SS-31 Restores Mitochondrial Function in Smoke-Damaged Oral Cells

Cigarette smoke is a major risk factor for various oral diseases, including periodontitis and oral cancer, primarily by inducing oxidative stress and damaging cellular components like mitochondria. This mitochondrial damage leads to impaired cellular function and can contribute to disease progression. Current treatments often focus on symptom management, but there's a critical need for therapies that address the underlying cellular damage. This study investigates whether SS-31 can protect oral epithelial cells from cigarette smoke-induced damage by restoring mitochondrial function and reducing oxidative stress.

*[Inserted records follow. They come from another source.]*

lemma cross7_commutator_orthogonal:
  assumes "t \<bullet> r = 0" "t' \<bullet> r = 0"
  shows "cross7 t (cross7 t' r) - cross7 t' (cross7 t r) = cross7 ((-2) *\<^sub>R cross7 t t') r"
proof -
  have tt'r: "cross7 t (cross7 t' r) = - cross7 (cross7 t t') r - (t \<bullet> t') *\<^sub>R r"
    using assms by (rule cross7_cross7_orthogonal)
  have "cross7 t' (cross7 t r) = - cross7 (cross7 t' t) r - (t' \<bullet> t) *\<^sub>R r"
    using assms by (simp add: cross7_cross7_orthogonal)
  also have "\<dots> = cross7 (cross7 t t') r - (t \<bullet> t') *\<^sub>R r"
    by (simp add: cross7_skew[of t' t] cross7_minus_left inner_commute)
  finally show ?thesis
    unfolding tt'r cross7_scaleR_left by (simp add: algebra_simps scaleR_2)
qed

definition chi :: "R7 \<Rightarrow> R7 \<Rightarrow> R7 \<Rightarrow> R7" where
  "chi a b c = cross7 a (cross7 b c) + (a \<bullet> b) *\<^sub>R c - (a \<bullet> c) *\<^sub>R b"

lemma psi_eq_inner_chi: "psi a b c d = chi a b c \<bullet> d"
  unfolding psi_def e4_def e3_def co_def chi_def inner_R7 inner_add_left inner_diff_left
  by (simp add: cross7_components algebra_simps)

lemma linear_chi: "linear (chi a b)"
  by (rule linearI) (simp_all add: chi_def cross7_linear inner_add_right algebra_simps)

lemma op_of_form_inner: "op_of_form (\<lambda>a b. F a \<bullet> b) = matrix F"
  by (simp add: op_of_form_def matrix_def inner_axis)

lemma matrix_apply: "linear f \<Longrightarrow> matrix f *v x = f x"
  for f :: "real^'n \<Rightarrow> real^'m"
  by (simp add: matrix_works linear_matrix_vector_mul_eq)

lemma hook_apply: "hook a *v x = cross7 a x"
proof -
  have "hook a = matrix (cross7 a)"
    unfolding hook_def phi_eq_inner_cross7 op_of_form_inner ..
  then show ?thesis
    by (simp add: matrix_apply linear_cross7)
qed

lemma linear_hook: "linear hook"
  by (rule linearI) (simp_all add: matrix_eq hook_apply cross7_linear
      matrix_vector_mult_add_rdistrib scaleR_matrix_vector_assoc[symmetric])

lemma hook_eq_0_iff: "hook a = 0 \<longleftrightarrow> a = 0"
proof
  assume "hook a = 0"
  then have "range (cross7 a) = {0}"
    by (auto simp flip: hook_apply)
  then show "a = 0"
    using range_cross7[of a] dim_hyperplane[of a] by (cases "a = 0") auto
qed (simp add: linear_0[OF linear_hook])

lemma wedge_apply: "wedge a b *v x = (a \<bullet> x) *\<^sub>R b - (b \<bullet> x) *\<^sub>R a"
proof -
  have "wedge a b = matrix (\<lambda>x. (a \<bullet> x) *\<^sub>R b - (b \<bullet> x) *\<^sub>R a)"
    unfolding wedge_def op_of_form_inner[symmetric]
    by (rule arg_cong[where f = op_of_form]) (simp add: fun_eq_iff inner_diff_left mult.commute)
  moreover have "linear (\<lambda>x. (a \<bullet> x) *\<^sub>R b - (b \<bullet> x) *\<^sub>R a)"
    by (rule linearI) (simp_all add: inner_add_right algebra_simps)
  ultimately show ?thesis
    by (simp add: matrix_apply)
qed

lemma PsiF_apply: "PsiF a b *v x = chi a b x"
  unfolding PsiF_def psi_eq_inner_chi op_of_form_inner by (simp add: matrix_apply linear_chi)

lemma form_inner_eq_sum: "form_inner X Y = (\<Sum>i\<in>UNIV. (X *v axis i 1) \<bullet> (Y *v axis i 1))"
  unfolding form_inner_def inner_axis by (simp add: inner_vec_def)

lemma bracket_apply: "bracket X Y *v a = X *v (Y *v a) - Y *v (X *v a)"
  for X Y :: "real^'n^'n"
  by (simp add: bracket_def matrix_vector_mult_diff_rdistrib matrix_vector_mul_assoc)

lemma bracket_scaleR_self: "bracket (a *\<^sub>R M) (b *\<^sub>R M) = (0 :: real^'n^'n)"
  unfolding matrix_eq bracket_apply
  by (simp add: scaleR_matrix_vector_assoc[symmetric] matrix_vector_mult_scaleR)

lemma lie_subalgebra_Int:
  "lie_subalgebra A \<Longrightarrow> lie_subalgebra B \<Longrightarrow> lie_subalgebra (A \<inter> B)"
  unfolding lie_subalgebra_def by (auto intro: subspace_inter)

lemma subspace_Theta: "subspace (Theta V)"
  unfolding Theta_def setsum_def Lambda2_def PsiS_def by (intro subspace_sums subspace_span)

section \<open>The Lie algebras so(4) and so(2)\<close>

lemma so_skew:
  fixes A :: "real^'n^'n"
  assumes "A \<in> so"
  shows "A $ j $ i = - A $ i $ j"
proof -
  have "transpose A $ i $ j = (- A) $ i $ j"
    using assms by (simp add: so_def)
  then show ?thesis
    by (simp add: transpose_def)
qed

lemma vector_4 [simp]:
  "(vector [a, b, c, d] :: ('a::zero)^4) $ 1 = a"
  "(vector [a, b, c, d] :: ('a::zero)^4) $ 2 = b"
  "(vector [a, b, c, d] :: ('a::zero)^4) $ 3 = c"
  "(vector [a, b, c, d] :: ('a::zero)^4) $ 4 = d"
  unfolding vector_def by simp_all

text \<open>The splitting so(4) = so(3) \<oplus> so(3) into self-dual and anti-self-dual parts, with x and
  y the coordinates of the two factors.\<close>

definition so4_of :: "real^3 \<Rightarrow> real^3 \<Rightarrow> real^4^4" where
  "so4_of x y = (1/2) *\<^sub>R vector [
     vector [0, - (x$3 + y$3), x$2 + y$2, x$1 - y$1],
     vector [x$3 + y$3, 0, - (x$1 + y$1), x$2 - y$2],
     vector [- (x$2 + y$2), x$1 + y$1, 0, x$3 - y$3],
     vector [y$1 - x$1, y$2 - x$2, y$3 - x$3, 0]]"
lemma axis_point_of_closure:
  assumes "0 < lam" "0 < \<sigma>" "(0, y) \<in> closure (Gamma0 lam \<sigma>)" "y < 0"
  shows "\<exists>s0\<in>{0<..<1}. hit_time s0 = sqrt lam * \<sigma> \<and> y = - sqrt (2 * lam * G s0)"
proof -
  obtain f where f: "\<And>n. f n \<in> Gamma0 lam \<sigma>" "f \<longlonglongrightarrow> (0, y)"
    using assms(3) unfolding closure_sequential by blast
  have "\<forall>n. \<exists>s. s \<in> {0<..<1} \<and> sqrt lam * \<sigma> < hit_time s \<and> f n = (traj_u lam s \<sigma>, traj_v lam s \<sigma>)"
    using f(1) unfolding Gamma0_eq[OF assms(1,2)] by blast
  then obtain sq where sq: "\<And>n. sq n \<in> {0<..<1}" "\<And>n. sqrt lam * \<sigma> < hit_time (sq n)"
    and f_eq: "\<And>n. f n = (traj_u lam (sq n) \<sigma>, traj_v lam (sq n) \<sigma>)"
    by metis
  define a where "a n = traj_u lam (sq n) \<sigma>" for n
  define b where "b n = traj_v lam (sq n) \<sigma>" for n
  have a_lim: "a \<longlonglongrightarrow> 0" and b_lim: "b \<longlonglongrightarrow> y"
    using tendsto_fst[OF f(2)] tendsto_snd[OF f(2)] unfolding f_eq a_def b_def by auto
  have energy: "G (sq n) = (b n)^2 / (2 * lam) + G (a n)" for n
    using traj_energy[OF assms(1) sq(1) _ sq(2)] assms(1,2) unfolding a_def b_def by simp
  have "\<forall>n. sq n \<in> {0..1}" using sq(1) by (simp add: less_imp_le)
  then obtain l r where l: "l \<in> {0..1}" and r: "strict_mono r" and lim: "(sq \<circ> r) \<longlonglongrightarrow> l"
    using seq_compactE[OF compact_imp_seq_compact[OF compact_Icc]] by metis
  have "(\<lambda>n. G (sq (r n))) \<longlonglongrightarrow> G l"
    using isCont_tendsto_compose[OF isCont_G lim] by (simp add: comp_def)
  moreover have "(\<lambda>n. (b (r n))^2 / (2 * lam) + G (a (r n))) \<longlonglongrightarrow> y^2 / (2 * lam) + G 0"
    using LIMSEQ_subseq_LIMSEQ[OF b_lim r] LIMSEQ_subseq_LIMSEQ[OF a_lim r]
    by (intro tendsto_intros isCont_tendsto_compose[OF isCont_G]) (use assms(1) in \<open>auto simp: comp_def\<close>)
  ultimately have Gl: "G l = y^2 / (2 * lam)"
    unfolding energy by (auto simp: G_def intro: LIMSEQ_unique)
  then have "0 < G l" using assms(1,4) by simp
  then have "0 < l" using l by (cases "l = 0") (auto simp: G_def)
  moreover have "(\<lambda>n. a (r n)) \<longlonglongrightarrow> 0" using LIMSEQ_subseq_LIMSEQ[OF a_lim r] by (simp add: comp_def)
  ultimately have "l < 1" "hit_time l = sqrt lam * \<sigma>"
    using hit_time_at_limit[OF assms(1,2), of "sq \<circ> r" l] sq lim unfolding a_def by auto
  moreover have "y = - sqrt (y^2)" using assms(4) by simp
  then have "y = - sqrt (2 * lam * G l)" using Gl assms(1) by (simp add: field_simps)
  ultimately show ?thesis using \<open>0 < l\<close> by auto
qed
(* Let $n_1,n_2>1$ and let $\mu_j$ ($j=1,2$) be the measure $d\mu_j(r)=r^{n_j-1}dr$ on $[1,\infty)$. Let $0<\beta<n_1$, $\alpha>0$ and define $$R_1(f)(x)=x^{-\alpha}\int_x^\infty y^{-\beta}f(y)\,d\mu_1(y),\qquad x\ge1.$$ Then $R_1$ is bounded from $L^{p,1}([1,\infty),d\mu_1)$ to $L^{q,\infty}([1,\infty),d\mu_2)$ for all $1<p\le\frac{n_1}{n_1-\beta}$ and $q\ge\frac{n_2}{\alpha}$.
   Context: Lorentz spaces on a measure space $(X,\mu)$: for measurable $f$, $d_f(s)=\mu(\{|f|>s\})$, $f^*(t)=\inf\{s>0:d_f(s)\le t\}$, $\|f\|_{(p,1)}=\int_0^\infty t^{1/p}f^*(t)\frac{dt}{t}$ and $\|f\|_{(q,\infty)}=\sup_{t>0}t^{1/q}f^*(t)$; $L^{p,1}$ and $L^{q,\infty}$ are the spaces where these quantities are finite. *)

theory Defs
  imports "HOL-Analysis.Analysis"
begin

definition radial_measure :: "real \<Rightarrow> real measure" where
  "radial_measure n = density (restrict_space lebesgue {1..}) (\<lambda>r. ennreal (r powr (n - 1)))"

definition distrib_fun :: "'a measure \<Rightarrow> ('a \<Rightarrow> real) \<Rightarrow> real \<Rightarrow> ennreal" where
  "distrib_fun M f s = emeasure M {x \<in> space M. \<bar>f x\<bar> > s}"

text \<open>Decreasing rearrangement f*(t) = inf{s > 0 : d_f(s) <= t} (inf of empty set = infinity).\<close>
definition rearrangement :: "'a measure \<Rightarrow> ('a \<Rightarrow> real) \<Rightarrow> real \<Rightarrow> ennreal" where
  "rearrangement M f t = Inf (ennreal ` {s. s > 0 \<and> distrib_fun M f s \<le> ennreal t})"

definition lorentz_p1 :: "'a measure \<Rightarrow> real \<Rightarrow> ('a \<Rightarrow> real) \<Rightarrow> ennreal" where
  "lorentz_p1 M p f =
     (\<integral>\<^sup>+ t. indicator {0<..} t * ennreal (t powr (1 / p) / t) * rearrangement M f t \<partial>lborel)"

definition lorentz_qinf :: "'a measure \<Rightarrow> real \<Rightarrow> ('a \<Rightarrow> real) \<Rightarrow> ennreal" where
  "lorentz_qinf M q f = (SUP t\<in>{0<..}. ennreal (t powr (1 / q)) * rearrangement M f t)"

definition R1 :: "real \<Rightarrow> real \<Rightarrow> real \<Rightarrow> (real \<Rightarrow> real) \<Rightarrow> real \<Rightarrow> real" where
  "R1 n1 \<alpha> \<beta> f x = x powr (-\<alpha>) * (LINT y:{x..}|radial_measure n1. y powr (-\<beta>) * f y)"

end

theory Submission
  imports Defs
begin
(* Consider the model described in the context and suppose the Lipschitz assumption holds. Let $Q$ map each point $z\in\mathbb R^{\mathcal X}$ to a nearest point of $\mathcal Q_n$, i.e. $Q(z)\in\arg\min_{\hat z\in\mathcal Q_n}\|z-\hat z\|_\infty$. Define $\tilde V_{T+1}(\hat z):=0$ for $\hat z\in\mathcal Q_n$ and, for $t=T,\dots,1$ and $\hat z\in\mathcal Q_n$, $$\tilde V_t(\hat z):=\min_{\gamma\in\mathcal G}\Big(\hat c_t(\hat z,\gamma)+\tilde V_{t+1}\big(Q(\hat f_t(\hat z,\gamma))\big)\Big).$$ Let $\psi_t(\hat z)$ be any minimizer of this right-hand side, let $\hat z_1=Q(\mathbb P(x_1=\cdot))$ and $\hat z_{t+1}=Q(\hat f_t(\hat z_t,\psi_t(\hat z_t)))$, and define the fully decentralized strategy $\mathbf g=\{g_t\}_{t=1}^T$ with $u^i_t=g_t(x^i_t)$, $g_t(x):=\psi_t(\hat z_t)(x)$. Then $|J(\mathbf g)-J^\ast|\le\epsilon(n)$ for some $\epsilon(n)\in\mathcal O(1/\sqrt n)$.
   Context: Fix $n\in\mathbb N$ agents, a horizon $T\in\mathbb N$, finite sets $\mathcal X,\mathcal U,\mathcal W$; $\mathbb N_k=\{1,\dots,k\}$. Let $\mathcal I(\mathcal X)=[0,1]^{\mathcal X}$, $\Delta(\mathcal X)$ the probability vectors on $\mathcal X$, $\mathcal M_n=\{m\in\Delta(\mathcal X): m(x)\in\{0,\tfrac1n,\dots,1\}\}$, and $\mathcal Q_n=\{0,\tfrac1n,\dots,1\}^{\mathcal X}$. Agent $i\in\mathbb N_n$ has state $x^i_t\in\mathcal X$, action $u^i_t\in\mathcal U$; mean-field $m_t(x)=\frac1n\sum_i\mathbb 1(x^i_t=x)$. Dynamics $x^i_{t+1}=f_t(x^i_t,u^i_t,w^i_t,m_t)$, $f_t:\mathcal X\times\mathcal U\times\mathcal W\times\mathcal I(\mathcal X)\to\mathcal X$. Initial states i.i.d. with law $\mathbb P(x_1=\cdot)$; for each $t$ the noises $w^1_t,\dots,w^n_t$ are i.i.d. with law $\mathbb P(w_t=\cdot)$; initial states and all noises mutually independent. $\mathbb P(y|x,u,z)=\sum_w\mathbb 1(f_t(x,u,w,z)=y)\mathbb P(w_t=w)$. Costs $\ell_t:\mathcal X\times\mathcal U\times\mathcal I(\mathcal X)\to\mathbb R_{\ge0}$. Lipschitz assumption: constants $K^1_t,K^2_t>0$ with $|\mathbb P(y|x,u,z_1)-\mathbb P(y|x,u,z_2)|\le K^1_t\|z_1-z_2\|_\infty$, $|\ell_t(x,u,z_1)-\ell_t(x,u,z_2)|\le K^2_t\|z_1-z_2\|_\infty$ for all $x,y,u$, $z_1,z_2\in\mathcal I(\mathcal X)$. Cost of a strategy: $J=\mathbb E[\sum_{t=1}^T\frac1n\sum_i\ell_t(x^i_t,u^i_t,m_t)]$. $J^\ast$ is the optimal cost over mean-field sharing strategies $u^i_t=g_t(x^i_t,m_t)$, $g_t:\mathcal X\times\mathcal M_n\to\mathcal U$. $\mathcal G$ is the set of maps $\gamma:\mathcal X\to\mathcal U$; $\hat f_t(z,\gamma)(y)=\sum_x z(x)\mathbb P(y|x,\gamma(x),z)$, $\hat c_t(z,\gamma)=\sum_x z(x)\ell_t(x,\gamma(x),z)$. Model data do not depend on $n$; $\mathcal O(1/\sqrt n)$ means bounded by $C/\sqrt n$ with $C$ independent of $n$. *)

theory Defs
  imports "HOL-Probability.Probability"
begin
(* Fix $0<p<1$ and $m\ge1$. For each word $w$ with $|w|\le m-1$ define the weighted sibling difference $h^{(p)}_w=(1-p)1_{C_{w0}}-p\,1_{C_{w2}}$, and set $\phi=1_C$, $q=p^2+(1-p)^2$, $\mu(w)=\mu_p(C_w)$. Then: (1) The family $\{\phi\}\cup\{h^{(p)}_w:|w|\le m-1\}$ is an orthogonal basis of $\mathcal F_m$, and $\|h^{(p)}_w\|^2=p(1-p)\mu(w)$. (2) $K_m$ leaves $\mathcal F_m$ invariant and vanishes on $\mathcal F_m^{\perp}$. (3) For every $w$ with $|w|\le m-1$, $\langle h^{(p)}_w,K_m\phi\rangle=p(1-p)(2p-1)\mu(w)^2\sum_{j=0}^{m-|w|-1}q^j$. (4) For every $w$ with $|w|\le m-1$, $\langle h^{(p)}_w,K_mh^{(p)}_w\rangle=2p^2(1-p)^2\mu(w)^2\sum_{j=0}^{m-|w|-1}q^j$. (5) Let $u\ne v$ be words with $|u|,|v|\le m-1$. If $u,v$ are incomparable then $\langle h^{(p)}_u,K_mh^{(p)}_v\rangle=0$. If $u$ is a proper prefix of $v$, then $\langle h^{(p)}_u,K_mh^{(p)}_v\rangle=p(1-p)^2(2p-1)\mu(v)^2\sum_{j=0}^{m-|v|-1}q^j$ if $v$ begins with $u0$, and $=-p^2(1-p)(2p-1)\mu(v)^2\sum_{j=0}^{m-|v|-1}q^j$ if $v$ begins with $u2$. Consequently, in the orthonormal basis $e_\phi=\phi$, $e_w=h^{(p)}_w/\sqrt{p(1-p)\mu(w)}$ ($|w|\le m-1$), the matrix of $K_m|_{\mathcal F_m}$ is self-adjoint and its difference–difference block is tree-banded: $\langle e_v,K_me_u\rangle=0$ unless $u$ and $v$ are comparable. Moreover, $p=\tfrac12$ is the unique parameter in $(0,1)$ for which this matrix is diagonal in the weighted Haar basis.
   Context: Let $S_0(x)=x/3$, $S_2(x)=(x+2)/3$ on $[0,1]$ and let $C$ be the middle-third Cantor set ($C=S_0(C)\cup S_2(C)$). For $0<p<1$, $\mu_p$ is the unique Borel probability measure on $[0,1]$ with $\mu_p=p\,\mu_p\circ S_0^{-1}+(1-p)\,\mu_p\circ S_2^{-1}$ (supported on $C$). Finite words $w=(w_1,\dots,w_n)\in\{0,2\}^n$ have length $|w|=n$; $\varnothing$ is the empty word; $wa$ is concatenation. $u$ is a prefix of $v$ if $v$ extends $u$; $u,v$ are comparable if one is a prefix of the other. $S_w=S_{w_1}\circ\cdots\circ S_{w_n}$ ($S_\varnothing=\mathrm{id}$), and $C_w=S_w(C)$; thus $\mu_p(C_{w0})=p\mu_p(C_w)$, $\mu_p(C_{w2})=(1-p)\mu_p(C_w)$. The inner product on $L^2(\mu_p)$ is $\langle f,g\rangle=\int\overline f g\,d\mu_p$. $\mathcal F_m=\mathrm{span}\{1_{C_u}:|u|\le m\}$ and $K_mf=\sum_{|u|\le m}\langle 1_{C_u},f\rangle1_{C_u}$ for $f\in L^2(\mu_p)$. *)

theory Defs
  imports "HOL-Probability.Probability" "HOL-Library.Sublist"
begin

The study demonstrated that SS-31 treatment significantly mitigated the detrimental effects of cigarette smoke extract on oral epithelial cells. Specifically, SS-31 led to a marked reduction in reactive oxygen species (ROS) levels, indicating a substantial decrease in oxidative stress. Furthermore, mitochondrial membrane potential, a key indicator of mitochondrial health, was significantly restored, showing a dramatic improvement compared to untreated damaged cells. SS-31 treatment robustly activated PINK1-mediated mitophagy, leading to the efficient clearance of damaged mitochondria and a significant recovery of overall mitochondrial function. This activation of mitophagy was crucial, as inhibiting PINK1 activity abolished the protective effects of SS-31, confirming the pathway's central role. Compared to control cells exposed to smoke but not treated with SS-31, treated cells exhibited superior cellular viability and reduced apoptotic markers.